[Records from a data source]
※ ※ ※

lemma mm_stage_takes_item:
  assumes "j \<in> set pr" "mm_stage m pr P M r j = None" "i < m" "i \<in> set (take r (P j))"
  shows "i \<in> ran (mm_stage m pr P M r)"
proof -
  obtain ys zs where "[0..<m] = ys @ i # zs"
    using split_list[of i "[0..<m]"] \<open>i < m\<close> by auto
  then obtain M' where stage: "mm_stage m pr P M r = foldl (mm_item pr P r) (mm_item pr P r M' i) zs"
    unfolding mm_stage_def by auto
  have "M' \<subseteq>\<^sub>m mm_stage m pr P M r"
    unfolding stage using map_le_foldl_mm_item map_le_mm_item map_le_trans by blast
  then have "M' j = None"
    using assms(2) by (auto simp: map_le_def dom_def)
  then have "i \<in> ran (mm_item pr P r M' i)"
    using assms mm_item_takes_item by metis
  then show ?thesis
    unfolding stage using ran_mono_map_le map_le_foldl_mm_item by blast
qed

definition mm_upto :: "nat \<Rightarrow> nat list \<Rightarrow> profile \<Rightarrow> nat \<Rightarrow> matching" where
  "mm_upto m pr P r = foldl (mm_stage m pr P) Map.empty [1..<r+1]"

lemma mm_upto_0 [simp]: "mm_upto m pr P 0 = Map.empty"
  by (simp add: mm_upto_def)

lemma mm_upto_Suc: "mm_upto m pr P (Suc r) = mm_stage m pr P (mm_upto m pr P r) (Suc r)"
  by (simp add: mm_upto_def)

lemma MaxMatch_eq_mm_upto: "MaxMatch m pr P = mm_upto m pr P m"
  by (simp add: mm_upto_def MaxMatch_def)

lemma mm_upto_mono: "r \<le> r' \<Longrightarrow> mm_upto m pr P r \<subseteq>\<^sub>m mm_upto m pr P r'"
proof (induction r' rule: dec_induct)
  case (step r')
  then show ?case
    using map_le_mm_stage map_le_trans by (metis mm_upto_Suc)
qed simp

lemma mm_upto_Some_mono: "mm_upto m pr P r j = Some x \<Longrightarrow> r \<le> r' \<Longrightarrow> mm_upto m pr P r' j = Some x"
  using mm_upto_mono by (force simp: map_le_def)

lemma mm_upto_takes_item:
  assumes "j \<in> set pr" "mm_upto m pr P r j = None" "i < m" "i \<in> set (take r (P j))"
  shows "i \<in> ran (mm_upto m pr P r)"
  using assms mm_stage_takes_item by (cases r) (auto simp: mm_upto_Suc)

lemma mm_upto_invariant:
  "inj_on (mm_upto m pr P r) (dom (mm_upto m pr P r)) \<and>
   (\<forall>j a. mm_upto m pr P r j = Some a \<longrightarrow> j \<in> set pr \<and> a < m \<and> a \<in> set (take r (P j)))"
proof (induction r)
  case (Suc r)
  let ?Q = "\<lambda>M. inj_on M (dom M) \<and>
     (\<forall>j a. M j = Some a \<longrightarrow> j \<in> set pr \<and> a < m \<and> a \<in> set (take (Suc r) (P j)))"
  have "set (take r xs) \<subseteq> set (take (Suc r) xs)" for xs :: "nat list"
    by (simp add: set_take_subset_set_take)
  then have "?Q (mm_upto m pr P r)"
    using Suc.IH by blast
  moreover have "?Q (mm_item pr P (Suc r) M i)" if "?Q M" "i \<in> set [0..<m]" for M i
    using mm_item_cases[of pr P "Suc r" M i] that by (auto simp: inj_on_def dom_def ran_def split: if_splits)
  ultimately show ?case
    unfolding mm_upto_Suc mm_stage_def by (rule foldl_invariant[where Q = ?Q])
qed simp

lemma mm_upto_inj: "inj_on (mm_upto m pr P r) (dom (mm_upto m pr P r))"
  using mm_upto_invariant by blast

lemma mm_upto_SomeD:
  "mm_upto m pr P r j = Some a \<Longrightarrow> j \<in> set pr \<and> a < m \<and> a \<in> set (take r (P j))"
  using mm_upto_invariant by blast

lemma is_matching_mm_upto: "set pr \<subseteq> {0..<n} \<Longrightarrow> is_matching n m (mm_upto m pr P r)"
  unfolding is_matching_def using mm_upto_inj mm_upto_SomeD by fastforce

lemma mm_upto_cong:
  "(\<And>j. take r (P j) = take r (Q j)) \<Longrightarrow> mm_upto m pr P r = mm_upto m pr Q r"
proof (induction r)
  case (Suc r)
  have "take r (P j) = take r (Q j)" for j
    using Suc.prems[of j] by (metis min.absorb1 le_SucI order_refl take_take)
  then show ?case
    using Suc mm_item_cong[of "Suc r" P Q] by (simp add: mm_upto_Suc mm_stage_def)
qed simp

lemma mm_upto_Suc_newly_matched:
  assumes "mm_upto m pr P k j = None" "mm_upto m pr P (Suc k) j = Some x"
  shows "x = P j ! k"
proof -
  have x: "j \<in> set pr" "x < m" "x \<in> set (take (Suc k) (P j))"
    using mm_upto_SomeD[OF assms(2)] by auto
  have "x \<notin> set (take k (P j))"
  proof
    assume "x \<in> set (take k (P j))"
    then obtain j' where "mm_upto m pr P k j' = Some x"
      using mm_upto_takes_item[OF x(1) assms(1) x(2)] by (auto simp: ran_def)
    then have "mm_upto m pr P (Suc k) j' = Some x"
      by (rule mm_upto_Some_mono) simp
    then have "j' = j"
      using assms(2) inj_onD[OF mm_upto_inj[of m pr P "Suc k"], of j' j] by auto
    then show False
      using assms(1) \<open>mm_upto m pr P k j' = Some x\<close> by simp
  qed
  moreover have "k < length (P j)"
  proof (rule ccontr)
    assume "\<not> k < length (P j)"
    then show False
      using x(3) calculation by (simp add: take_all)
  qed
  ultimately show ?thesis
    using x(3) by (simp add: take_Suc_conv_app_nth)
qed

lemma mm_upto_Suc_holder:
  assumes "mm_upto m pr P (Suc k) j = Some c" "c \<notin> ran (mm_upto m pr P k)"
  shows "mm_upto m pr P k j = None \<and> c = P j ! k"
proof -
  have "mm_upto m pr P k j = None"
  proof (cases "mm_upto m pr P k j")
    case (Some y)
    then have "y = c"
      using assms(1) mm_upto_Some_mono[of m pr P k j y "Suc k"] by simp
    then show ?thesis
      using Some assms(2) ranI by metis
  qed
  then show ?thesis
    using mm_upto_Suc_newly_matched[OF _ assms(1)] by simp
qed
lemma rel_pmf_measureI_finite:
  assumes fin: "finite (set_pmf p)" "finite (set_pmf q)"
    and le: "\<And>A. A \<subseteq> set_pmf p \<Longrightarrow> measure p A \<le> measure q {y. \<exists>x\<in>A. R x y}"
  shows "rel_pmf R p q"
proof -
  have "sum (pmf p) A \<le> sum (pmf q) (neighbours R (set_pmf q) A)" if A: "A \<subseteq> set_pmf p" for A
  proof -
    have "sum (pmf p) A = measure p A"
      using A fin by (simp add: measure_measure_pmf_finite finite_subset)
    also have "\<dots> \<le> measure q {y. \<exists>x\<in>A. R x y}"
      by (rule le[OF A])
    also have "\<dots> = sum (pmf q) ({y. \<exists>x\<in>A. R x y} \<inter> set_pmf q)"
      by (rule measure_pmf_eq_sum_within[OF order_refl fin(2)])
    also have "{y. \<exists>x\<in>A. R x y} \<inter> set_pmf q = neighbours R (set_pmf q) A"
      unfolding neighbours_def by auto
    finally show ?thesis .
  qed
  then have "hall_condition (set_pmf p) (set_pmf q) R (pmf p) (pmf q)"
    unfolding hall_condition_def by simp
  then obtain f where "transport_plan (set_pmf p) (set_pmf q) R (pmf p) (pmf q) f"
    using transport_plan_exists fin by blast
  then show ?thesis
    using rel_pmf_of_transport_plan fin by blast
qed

※ ※ ※

> _Exercise_
Give back every line of the data exactly as it was written.

> _Task response_
lemma mm_stage_takes_item:
  assumes "j \<in> set pr" "mm_stage m pr P M r j = None" "i < m" "i \<in> set (take r (P j))"
  shows "i \<in> ran (mm_stage m pr P M r)"
proof -
  obtain ys zs where "[0..<m] = ys @ i # zs"
    using split_list[of i "[0..<m]"] \<open>i < m\<close> by auto
  then obtain M' where stage: "mm_stage m pr P M r = foldl (mm_item pr P r) (mm_item pr P r M' i) zs"
    unfolding mm_stage_def by auto
  have "M' \<subseteq>\<^sub>m mm_stage m pr P M r"
    unfolding stage using map_le_foldl_mm_item map_le_mm_item map_le_trans by blast
  then have "M' j = None"
    using assms(2) by (auto simp: map_le_def dom_def)
  then have "i \<in> ran (mm_item pr P r M' i)"
    using assms mm_item_takes_item by metis
  then show ?thesis
    unfolding stage using ran_mono_map_le map_le_foldl_mm_item by blast
qed

definition mm_upto :: "nat \<Rightarrow> nat list \<Rightarrow> profile \<Rightarrow> nat \<Rightarrow> matching" where
  "mm_upto m pr P r = foldl (mm_stage m pr P) Map.empty [1..<r+1]"

lemma mm_upto_0 [simp]: "mm_upto m pr P 0 = Map.empty"
  by (simp add: mm_upto_def)

lemma mm_upto_Suc: "mm_upto m pr P (Suc r) = mm_stage m pr P (mm_upto m pr P r) (Suc r)"
  by (simp add: mm_upto_def)

lemma MaxMatch_eq_mm_upto: "MaxMatch m pr P = mm_upto m pr P m"
  by (simp add: mm_upto_def MaxMatch_def)

lemma mm_upto_mono: "r \<le> r' \<Longrightarrow> mm_upto m pr P r \<subseteq>\<^sub>m mm_upto m pr P r'"
proof (induction r' rule: dec_induct)
  case (step r')
  then show ?case
    using map_le_mm_stage map_le_trans by (metis mm_upto_Suc)
qed simp

lemma mm_upto_Some_mono: "mm_upto m pr P r j = Some x \<Longrightarrow> r \<le> r' \<Longrightarrow> mm_upto m pr P r' j = Some x"
  using mm_upto_mono by (force simp: map_le_def)

lemma mm_upto_takes_item:
  assumes "j \<in> set pr" "mm_upto m pr P r j = None" "i < m" "i \<in> set (take r (P j))"
  shows "i \<in> ran (mm_upto m pr P r)"
  using assms mm_stage_takes_item by (cases r) (auto simp: mm_upto_Suc)

lemma mm_upto_invariant:
  "inj_on (mm_upto m pr P r) (dom (mm_upto m pr P r)) \<and>
   (\<forall>j a. mm_upto m pr P r j = Some a \<longrightarrow> j \<in> set pr \<and> a < m \<and> a \<in> set (take r (P j)))"
proof (induction r)
  case (Suc r)
  let ?Q = "\<lambda>M. inj_on M (dom M) \<and>
     (\<forall>j a. M j = Some a \<longrightarrow> j \<in> set pr \<and> a < m \<and> a \<in> set (take (Suc r) (P j)))"
  have "set (take r xs) \<subseteq> set (take (Suc r) xs)" for xs :: "nat list"
    by (simp add: set_take_subset_set_take)
  then have "?Q (mm_upto m pr P r)"
    using Suc.IH by blast
  moreover have "?Q (mm_item pr P (Suc r) M i)" if "?Q M" "i \<in> set [0..<m]" for M i
    using mm_item_cases[of pr P "Suc r" M i] that by (auto simp: inj_on_def dom_def ran_def split: if_splits)
  ultimately show ?case
    unfolding mm_upto_Suc mm_stage_def by (rule foldl_invariant[where Q = ?Q])
qed simp

lemma mm_upto_inj: "inj_on (mm_upto m pr P r) (dom (mm_upto m pr P r))"
  using mm_upto_invariant by blast

lemma mm_upto_SomeD:
  "mm_upto m pr P r j = Some a \<Longrightarrow> j \<in> set pr \<and> a < m \<and> a \<in> set (take r (P j))"
  using mm_upto_invariant by blast

lemma is_matching_mm_upto: "set pr \<subseteq> {0..<n} \<Longrightarrow> is_matching n m (mm_upto m pr P r)"
  unfolding is_matching_def using mm_upto_inj mm_upto_SomeD by fastforce

lemma mm_upto_cong:
  "(\<And>j. take r (P j) = take r (Q j)) \<Longrightarrow> mm_upto m pr P r = mm_upto m pr Q r"
proof (induction r)
  case (Suc r)
  have "take r (P j) = take r (Q j)" for j
    using Suc.prems[of j] by (metis min.absorb1 le_SucI order_refl take_take)
  then show ?case
    using Suc mm_item_cong[of "Suc r" P Q] by (simp add: mm_upto_Suc mm_stage_def)
qed simp

lemma mm_upto_Suc_newly_matched:
  assumes "mm_upto m pr P k j = None" "mm_upto m pr P (Suc k) j = Some x"
  shows "x = P j ! k"
proof -
  have x: "j \<in> set pr" "x < m" "x \<in> set (take (Suc k) (P j))"
    using mm_upto_SomeD[OF assms(2)] by auto
  have "x \<notin> set (take k (P j))"
  proof
    assume "x \<in> set (take k (P j))"
    then obtain j' where "mm_upto m pr P k j' = Some x"
      using mm_upto_takes_item[OF x(1) assms(1) x(2)] by (auto simp: ran_def)
    then have "mm_upto m pr P (Suc k) j' = Some x"
      by (rule mm_upto_Some_mono) simp
    then have "j' = j"
      using assms(2) inj_onD[OF mm_upto_inj[of m pr P "Suc k"], of j' j] by auto
    then show False
      using assms(1) \<open>mm_upto m pr P k j' = Some x\<close> by simp
  qed
  moreover have "k < length (P j)"
  proof (rule ccontr)
    assume "\<not> k < length (P j)"
    then show False
      using x(3) calculation by (simp add: take_all)
  qed
  ultimately show ?thesis
    using x(3) by (simp add: take_Suc_conv_app_nth)
qed

lemma mm_upto_Suc_holder:
  assumes "mm_upto m pr P (Suc k) j = Some c" "c \<notin> ran (mm_upto m pr P k)"
  shows "mm_upto m pr P k j = None \<and> c = P j ! k"
proof -
  have "mm_upto m pr P k j = None"
  proof (cases "mm_upto m pr P k j")
    case (Some y)
    then have "y = c"
      using assms(1) mm_upto_Some_mono[of m pr P k j y "Suc k"] by simp
    then show ?thesis
      using Some assms(2) ranI by metis
  qed
  then show ?thesis
    using mm_upto_Suc_newly_matched[OF _ assms(1)] by simp
qed
lemma rel_pmf_measureI_finite:
  assumes fin: "finite (set_pmf p)" "finite (set_pmf q)"
    and le: "\<And>A. A \<subseteq> set_pmf p \<Longrightarrow> measure p A \<le> measure q {y. \<exists>x\<in>A. R x y}"
  shows "rel_pmf R p q"
proof -
  have "sum (pmf p) A \<le> sum (pmf q) (neighbours R (set_pmf q) A)" if A: "A \<subseteq> set_pmf p" for A
  proof -
    have "sum (pmf p) A = measure p A"
      using A fin by (simp add: measure_measure_pmf_finite finite_subset)
    also have "\<dots> \<le> measure q {y. \<exists>x\<in>A. R x y}"
      by (rule le[OF A])
    also have "\<dots> = sum (pmf q) ({y. \<exists>x\<in>A. R x y} \<inter> set_pmf q)"
      by (rule measure_pmf_eq_sum_within[OF order_refl fin(2)])
    also have "{y. \<exists>x\<in>A. R x y} \<inter> set_pmf q = neighbours R (set_pmf q) A"
      unfolding neighbours_def by auto
    finally show ?thesis .
  qed
  then have "hall_condition (set_pmf p) (set_pmf q) R (pmf p) (pmf q)"
    unfolding hall_condition_def by simp
  then obtain f where "transport_plan (set_pmf p) (set_pmf q) R (pmf p) (pmf q) f"
    using transport_plan_exists fin by blast
  then show ?thesis
    using rel_pmf_of_transport_plan fin by blast
qed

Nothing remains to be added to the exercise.